Sound Advice Column: Pentax K10D Digital SLR Camera a Great Buy


Q: I’m buying a digital SLR camera and you write favorably about Pentax. I’ve seen the K10D, their top model, on sale recently with a $100 rebate. That makes it the same price as the entry-level Canon Digital Rebel XTi and Nikon D40x. Do you think the K10D is a better buy at approximately the same price? Anything else I should consider?

-Stelios Dokianakis, Pittsburgh, PA

A:  I have used Pentax cameras for years and have always been pleased, particularly with the beautiful color rendition they are renowned for. (If you want to see a sample, look at the Paul C. Buff post under “Field Trips” on my website.) Whether the K10D is right for you is best determined by what kind of camera you want and need.  There are three classes of digital SLRs: professional, consumer, and “prosumer.”

Professional models are heavy-duty workhorses with lightning-fast responses and a wide range of settings. This category is completely dominated by Canon and Nikon. Prices start at over $3,000 and go way up from there.

The Canon Digital Rebel XTi, Nikon D40X, and Pentax K100D Super are consumer models. These produce excellent image quality but are not built as sturdily, nor do they focus and shoot as quickly as pro models. They are lighter, and easier to carry around and operate.  These cameras typically run between $500-$800 including a kit lens for general purpose photography,

“Prosumer” models combine characteristics of professional and consumer models. They are sturdy and feel better in the hand than consumer models, operate faster and have more features, but aren’t as rugged and feature-rich as pro models. This category is populated by the Pentax K10D, Canon 40D, and Nikon D300. Prices for a prosumer model typically start at around $1200 and go up to around $2500.

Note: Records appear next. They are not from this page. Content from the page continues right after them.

lemma sums_binomial_compose_denominator_excess:
  fixes \<beta> t :: real
  assumes "0 \<le> \<beta>"
  obtains \<rho> where "\<rho> > 0" and "\<And>z. z \<noteq> 0 \<Longrightarrow> \<bar>z\<bar> < \<rho> \<Longrightarrow>
    (\<lambda>n. fps_nth (fps_binomial (-t) oo fps_denominator_excess \<beta>) n * z ^ n) sums
      ((z / (\<beta> * (exp z - 1) + (1 - \<beta>) * z)) powr t)"
proof -
  define W where "W = fps_denominator_excess \<beta>"
  have "isCont (eval_fps W) 0"
    by (rule continuous_eval_fps) (simp add: W_def fps_conv_radius_denominator_excess)
  moreover have "eval_fps W 0 = 0"
    by (simp add: W_def eval_fps_at_0 fps_nth_denominator_excess)
  ultimately obtain \<rho> where "\<rho> > 0" and small: "\<And>x. \<bar>x\<bar> < \<rho> \<Longrightarrow> \<bar>eval_fps W x\<bar> < 1"
    unfolding continuous_at_eps_delta by (metis dist_real_def diff_zero zero_less_one)
  moreover have "(\<lambda>n. fps_nth (fps_binomial (-t) oo W) n * z ^ n) sums
      ((z / (\<beta> * (exp z - 1) + (1 - \<beta>) * z)) powr t)" if "z \<noteq> 0" "\<bar>z\<bar> < \<rho>" for z
  proof -
    have "eval_fps W \<bar>z\<bar> < 1" "\<bar>eval_fps W z\<bar> < 1"
      using small[of z] small[of "\<bar>z\<bar>"] that by auto
    then have "(\<lambda>n. fps_nth (fps_binomial (-t) oo W) n * z ^ n) sums ((1 + eval_fps W z) powr (-t))"
      using sums_fps_compose_nonneg[of W z "fps_binomial (-t)"] \<open>0 \<le> \<beta>\<close>
      by (simp add: W_def fps_nth_denominator_excess fps_conv_radius_denominator_excess
                    fps_conv_radius_binomial eval_fps_binomial_real)
    moreover have "1 + eval_fps W z > 0"
      using \<open>\<bar>eval_fps W z\<bar> < 1\<close> by linarith
    then have "z / (\<beta> * (exp z - 1) + (1 - \<beta>) * z) = inverse (1 + eval_fps W z)"
      using \<open>z \<noteq> 0\<close> by (simp add: W_def eval_fps_denominator_excess field_simps)
    ultimately show ?thesis
      by (simp add: powr_minus inverse_powr)
  qed
  ultimately show ?thesis
    using that by (auto simp: W_def)
qed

The reason you are seeing the K10D at such an aggressive price is because it has been on the market for 14 months, which in the digital world usually means a replacement is coming soon. I checked and you can indeed get a K10D for about the same price as a Digital Rebel XTi or D40x. The prosumer K10D is from a completely different, better class of camera and the others are not in its league- it’s like getting a Porsche for a Pontiac price. The K10D also has sensor-based image stabilization which works with all Pentax-mount lenses. That alone is enough reason to purchase it, as the Canon and Nikon lack built-in stabilization.  You can also get a battery grip that doubles the amount of shots per charge and to makes it look and handle like a $3500 pro camera.

But with this performance comes some considerations. The K10D is a bit heavier than consumer models (though not by much) and has a wide range of controls, which could confuse a beginner if they don’t read the manual. (It does have a point-and-shoot mode you can use as a default.) Though you can use images straight from the camera, it produces its best results when used in RAW mode, which means you process the images with software after you download them to your computer. This is typical of many higher-end models. If you are ok with these considerations, you will be thrilled with the K10D.

If it sounds like a bit too much camera, check out the Pentax, Nikon, and Canon consumer models, as well as the Olympus E-510. The E-510 has a small, solid-feeling body, a sensor-based image stabilization system and is available with two excellent lenses for $749.